Foster care is the temporary placement of a child 18 or younger outside of their home often because of neglect or abuse.
Since 2002, the county has received about 350 reported cases of abuse or neglect per year. Of those 350 cases, about 50 or 60 aren’t accepted. Most of the rest are resolved without removing a kid from their home.
But between 15 and 20 kids a year need to be placed in a foster home and because there aren’t enough foster parents in the county, they’re often sent to other parts of the state.
About 10 people attended each community meeting and Fay met with several people privately that weren’t able to make one of the meetings.
“I’m following up with people two or three weeks after to get a feel for what they’re thinking. I told them don’t make a decision that night, it’s such a big decision,” Fay said. “I’m getting a mixture of ‘yeah, we’re ready’ or ‘no, not at this time’ or ‘we’d like to help out in other ways.'”
The more foster care homes in the county the better the opportunities for kids that need help, said Fay, whose worked on cases where kids have had to be placed in homes four hours away from Eagle County.
One of the goals of foster care is to keep the stays as short as possible and get kids back in their homes as soon as is appropriate, Fay said. It’s easier to do that when they’re not placed somewhere four hours away, he said.
So far, five people or families have decided to apply to be a foster home.
Vail resident Wendy St. Charles is planning to go through the certification process – which includes background checks, reference checks, 27 hours of state training, and first aid training.
“I’ve had an interest in the foster program for many years and have wanted to get involved,” St. Charles said. “A personal long-term objective of mine is to somehow make a difference.”
People that start the certification process now should be finished sometime in August, Fay said.
“I’m pretty passionate about it,” St. Charles said. “We can do better.”
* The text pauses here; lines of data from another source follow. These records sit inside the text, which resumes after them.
lemma cont_at_const: "x \<in> topspace X \<Longrightarrow> (\<And>y. y \<in> topspace X \<Longrightarrow> f y = c) \<Longrightarrow> cont_at X f x"
  unfolding cont_at_def by (intro allI impI exI[of _ "topspace X"]) auto

lemma cont_at_compose2:
  assumes "cont_at X f x" and "cont_at X g x"
    and "isCont (\<lambda>p. F (fst p) (snd p)) (f x, g x)"
  shows "cont_at X (\<lambda>y. F (f y) (g y)) x"
  unfolding cont_at_def
proof (intro allI impI)
  fix V assume V: "open V \<and> F (f x) (g x) \<in> V"
  obtain W where W: "open W" "(f x, g x) \<in> W" "\<forall>p\<in>W. F (fst p) (snd p) \<in> V"
    using continuous_at_open[THEN iffD1, OF assms(3), rule_format, of V] V by auto
  obtain A B where AB: "open A" "open B" "(f x, g x) \<in> A \<times> B" "A \<times> B \<subseteq> W"
    by (rule open_prod_elim[OF W(1,2)])
  obtain U1 where U1: "openin X U1" "x \<in> U1" "f ` U1 \<subseteq> A"
    using assms(1) AB(1,3) unfolding cont_at_def by blast
  obtain U2 where U2: "openin X U2" "x \<in> U2" "g ` U2 \<subseteq> B"
    using assms(2) AB(2,3) unfolding cont_at_def by blast
  have "(\<lambda>y. F (f y) (g y)) ` (U1 \<inter> U2) \<subseteq> V"
  proof clarify
    fix y assume "y \<in> U1" "y \<in> U2"
    then have "(f y, g y) \<in> W" using U1(3) U2(3) AB(4) by blast
    then show "F (f y) (g y) \<in> V" using W(3) by force
  qed
  then show "\<exists>U. openin X U \<and> x \<in> U \<and> (\<lambda>y. F (f y) (g y)) ` U \<subseteq> V"
    using openin_Int[OF U1(1) U2(1)] U1(2) U2(2) by blast
qed

lemma disc_pts_compose2_subset:
  assumes "\<And>x. x \<in> topspace X \<Longrightarrow> isCont (\<lambda>p. F (fst p) (snd p)) (f x, g x)"
  shows "disc_pts X (restrict0 X (\<lambda>y. F (f y) (g y))) \<subseteq> disc_pts X f \<union> disc_pts X g"
proof
  fix x assume x: "x \<in> disc_pts X (restrict0 X (\<lambda>y. F (f y) (g y)))"
  then have "x \<in> topspace X" by (simp add: disc_pts_def)
  show "x \<in> disc_pts X f \<union> disc_pts X g"
  proof (rule ccontr)
    assume "x \<notin> disc_pts X f \<union> disc_pts X g"
    then have "cont_at X (\<lambda>y. F (f y) (g y)) x"
      using \<open>x \<in> topspace X\<close> assms by (auto simp: disc_pts_def intro!: cont_at_compose2[of X f x g F])
    then have "cont_at X (restrict0 X (\<lambda>y. F (f y) (g y))) x"
      by (rule cont_at_cong) (simp add: restrict0_def)
    with x show False by (simp add: disc_pts_def)
  qed
qed
(* Let $A,B\subseteq\Sigma^+$ (not necessarily finite) and $k\ge1$. The term $\langle A,B\rangle$ has a deduction tree of size $k$ if and only if there is a formula $\phi\in\mathrm{LTL}[\mathsf{X},\mathsf{wX},\mathsf{F},\mathsf{G}]$ separating $A$ from $B$ with $\mathrm{size}(\phi)=k$.
   Context: Let $AP$ be a finite set of atomic propositions and $\Sigma=2^{AP}$. Formulae of $\mathrm{LTL}[\mathsf{X},\mathsf{wX},\mathsf{F},\mathsf{G}]$ are generated by $\phi::=p\mid\neg p\mid\phi\lor\phi\mid\phi\land\phi\mid\mathsf{X}\phi\mid\mathsf{wX}\phi\mid\mathsf{F}\phi\mid\mathsf{G}\phi$ ($p\in AP$), interpreted on $\sigma\in\Sigma^+$ at positions $0\le i<|\sigma|$: literals/Booleans as usual; $\mathsf{X}\phi$: $i+1<|\sigma|$ and $\phi$ at $i+1$; $\mathsf{wX}\phi$: $i+1=|\sigma|$ or $\phi$ at $i+1$; $\mathsf{F}\phi$/$\mathsf{G}\phi$: $\phi$ at some/every $j$ with $i\le j<|\sigma|$. Size: literals 1, unary operators add 1, binary connectives sum sizes plus 1. For $C\subseteq\Sigma^+$, write $C\models\phi$ if $\sigma,0\models\phi$ for all $\sigma\in C$ and $C\perp\phi$ if $\sigma,0\not\models\phi$ for all $\sigma\in C$; $\phi$ separates $A$ from $B$ if $A\models\phi$ and $B\perp\phi$. Notation: for $\sigma=w_0\cdots w_m$ and $j\le m$, $\sigma^{(j)}=w_j\cdots w_m$; $A^{\mathsf X}=\{\sigma^{(1)}:\sigma\in A,|\sigma|\ge2\}$; $A^{\mathsf G}=\{\sigma^{(j)}:\sigma\in A, 0\le j<|\sigma|\}$; a future point for $A$ is a map $f:A\to\mathbb N$ with $f(\sigma)<|\sigma|$ for all $\sigma\in A$, and then $A^f=\{\sigma^{(f(\sigma))}:\sigma\in A\}$. Proof system: terms are pairs $\langle A,B\rangle$ with $A,B\subseteq\Sigma^+$; the rules (conclusion from hypotheses) are: Atomic: $\langle A,B\rangle$ with no hypotheses, provided $A\models\alpha$ and $B\perp\alpha$ for some literal $\alpha$; Or: $\langle A_1\uplus A_2,B\rangle$ from $\langle A_1,B\rangle$ and $\langle A_2,B\rangle$ ($\uplus$ = union of disjoint sets); And: $\langle A,B_1\uplus B_2\rangle$ from $\langle A,B_1\rangle$ and $\langle A,B_2\rangle$; Next: $\langle A,B\rangle$ from $\langle A^{\mathsf X},B^{\mathsf X}\rangle$ provided $|A^{\mathsf X}|=|A|$; WeakNext: $\langle A,B\rangle$ from $\langle A^{\mathsf X},B^{\mathsf X}\rangle$ provided $|B^{\mathsf X}|=|B|$; Future: $\langle A,B\rangle$ from $\langle A^f,B^{\mathsf G}\rangle$ for some future point $f$ for $A$; Globally: $\langle A,B\rangle$ from $\langle A^{\mathsf G},B^f\rangle$ for some future point $f$ for $B$. A deduction tree for $\langle A,B\rangle$ is a finite tree of rule applications with root conclusion $\langle A,B\rangle$, in which every hypothesis is the conclusion of a rule application (so all branches end in Atomic); its size is the number of rule applications in it. *)

theory Defs
  imports Main
begin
Becoming a certified foster home isn’t the only way to help, Fay said.
“Another big way that some people have shown interest is helping out with retaining foster parents,” he said. “Getting people on the back end to help these parents feel supported and appreciated by our community.”
Fay hopes a few more families will start the program and he plans to try and find new people again in the fall.
“The push isn’t going to stop,” he said “We want to have a healthy community.”